Five alleged attackers were detained, Ingush Interior Ministry spokesman Yakhya Khadziyev said. Two of the suspects were wounded.

Chechen Interior Minister Alu Alkhanov, the Kremlin's candidate to replace slain Chechen President Akhmad Kadyrov, said that the attacks had been led by an Ingushetia-based rebel leader, Magomed Yevloyev, Interfax said. His deputy, Ruslan Alkhanov, told Interfax that Yevloyev was a leader of the extremist Wahhabi Islamic group.

The brazen assaults raised new doubts about the Kremlin's strategy in Chechnya. Unable to defeat the rebels and refusing to negotiate with them, the Kremlin instead has banked on restoring stability through civil measures, including holding elections for a Chechen president and promising the republic a substantial amount of autonomy.
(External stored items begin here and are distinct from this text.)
lemma far_cube_index_if_off_boundary_nbhd:
  fixes X C :: "(real ^ 'n::finite) set"
  assumes "\<epsilon> > 0" "z \<in> X" "z \<notin> C" "y \<in> C" "y \<notin> nbhd \<epsilon> M (boundary_set X \<epsilon> C)"
  obtains i where "int M + 1 < \<bar>cube_index \<epsilon> z i - cube_index \<epsilon> y i\<bar>"
proof -
  have "\<exists>i. int M + 1 < \<bar>cube_index \<epsilon> z i - cube_index \<epsilon> y i\<bar>"
  proof (rule ccontr)
    assume "\<nexists>i. int M + 1 < \<bar>cube_index \<epsilon> z i - cube_index \<epsilon> y i\<bar>"
    then have "\<forall>i. \<bar>cube_index \<epsilon> z i - cube_index \<epsilon> y i\<bar> \<le> int M + 1" by (auto simp: not_less)
    then obtain j where j: "\<forall>i. \<bar>j i - cube_index \<epsilon> y i\<bar> \<le> int M" "\<forall>i. \<bar>cube_index \<epsilon> z i - j i\<bar> \<le> 1"
      by (rule exists_index_between)
    have "\<forall>i. \<bar>j i - cube_index \<epsilon> y i\<bar> \<le> int M + 1"
      using j(1) by (metis add_increasing2 zero_le_one)
    then have "grid_cube \<epsilon> j \<inter> C \<noteq> {}"
      by (rule grid_cube_meets_if_off_boundary_nbhd[OF assms(1,4,5)])
    then have "interior_cube X \<epsilon> C (grid_cube \<epsilon> j)"
      using interior_cube_if_off_boundary_nbhd[OF assms(1,5) j(1)] by blast
    moreover have "\<forall>i. \<bar>j i - cube_index \<epsilon> z i\<bar> \<le> int 1"
      using j(2) by (simp add: abs_minus_commute)
    then have "z \<in> thicken \<epsilon> 1 (grid_cube \<epsilon> j)"
      using grid_cube_subset_thicken[OF assms(1)] mem_grid_cube_index[OF assms(1)] by blast
    ultimately show False
      using assms(2,3) unfolding interior_cube_def by blast
  qed
  then show thesis using that by blast
qed

lemma clamped_index_coord_bound:
  fixes s y p c :: real and J P jt :: int and M :: nat
  assumes s: "s > 0" and J: "J = \<lfloor>y / s\<rfloor>" and P: "P = \<lfloor>p / s\<rfloor>"
    and jt: "jt = J + max (- (int M + 1)) (min (int M + 1) (P - J))"
    and c1: "of_int jt * s \<le> c" and c2: "c \<le> of_int jt * s + s"
  shows "\<bar>p - c\<bar> \<le> max (\<bar>p - y\<bar> - real M * s) s"
    and "int M + 1 < \<bar>P - J\<bar> \<Longrightarrow> \<bar>p - c\<bar> \<le> \<bar>p - y\<bar> - real M * s \<and> (real M + 1) * s < \<bar>p - y\<bar>"
proof -
  have y1: "of_int J * s \<le> y" and y2: "y < of_int J * s + s"
    using floor_divide_mult_bounds[OF s, of y] J by auto
  have p1: "of_int P * s \<le> p" and p2: "p < of_int P * s + s"
    using floor_divide_mult_bounds[OF s, of p] P by auto
  have far: "\<bar>p - c\<bar> \<le> \<bar>p - y\<bar> - real M * s \<and> (real M + 1) * s < \<bar>p - y\<bar>"
    if "int M + 1 < \<bar>P - J\<bar>"
  proof -
    from that consider "int M + 1 < P - J" | "P - J < - (int M + 1)" by linarith
    then show ?thesis
    proof cases
      case 1
      then have jt_eq: "jt = J + int M + 1" using jt by simp
      have "of_int jt * s = of_int J * s + real M * s + s" by (subst jt_eq) (simp add: algebra_simps)
      moreover have "of_int (J + int M + 2) * s \<le> of_int P * s"
        using 1 s by (intro mult_right_mono) auto
      ultimately show ?thesis using c1 c2 y1 y2 p1 p2 s by (auto simp: algebra_simps abs_if)
    next
      case 2
      then have jt_eq: "jt = J - int M - 1" using jt by simp
      have "of_int jt * s = of_int J * s - real M * s - s" by (subst jt_eq) (simp add: algebra_simps)
      moreover have "of_int (P + 1) * s \<le> of_int (J - int M - 1) * s"
        using 2 s by (intro mult_right_mono) auto
      ultimately show ?thesis using c1 c2 y1 y2 p1 p2 s by (auto simp: algebra_simps abs_if)
    qed
  qed
  then show "int M + 1 < \<bar>P - J\<bar> \<Longrightarrow> \<bar>p - c\<bar> \<le> \<bar>p - y\<bar> - real M * s \<and> (real M + 1) * s < \<bar>p - y\<bar>" .
  show "\<bar>p - c\<bar> \<le> max (\<bar>p - y\<bar> - real M * s) s"
  proof (cases "int M + 1 < \<bar>P - J\<bar>")
    case True
    then show ?thesis using far by fastforce
  next
    case False
    then have "jt = P" using jt by (simp add: abs_if split: if_splits)
    then show ?thesis using c1 c2 p1 p2 by (auto simp: abs_if)
  qed
qed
Kremlin-backed Chechen president Akhmad Kadyrov was assassinated in May, and Aslan Maskhadov, Chechnya's former separatist president, said last week that the rebels were preparing new offensives.

Maj. Gen. Ilya Shabalkin, spokesman for the Russian forces in Chechnya, accused Chechen rebels of planning the attacks, but said the raids were carried out by fighters recruited from both Chechnya and Ingushetia, the Interfax-Military News Agency reported.

Although the Chechen war occasionally spilled into Ingushetia, the republic has remained comparatively stable, and a significant recruitment of Ingush fighters could foretell a wide spread of the war beyond Chechnya.

"The attacks were clearly saber rattling, aimed to demonstrate the rebels' effectiveness to attract funding from foreign terrorist networks," Shabalkin was quoted as saying.

Although Chechnya is a largely Muslim region in overwhelmingly Christian Russia, the first of Chechnya's two wars was an essentially secular conflict. After Russian troops pulled out when Chechen rebels fought them to a standstill, the separatists increasingly took on a specifically Islamic mantle.

Flags flew at half-staff and all entertainment programs in Ingushetia were canceled from Wednesday through Friday to mark the official mourning period.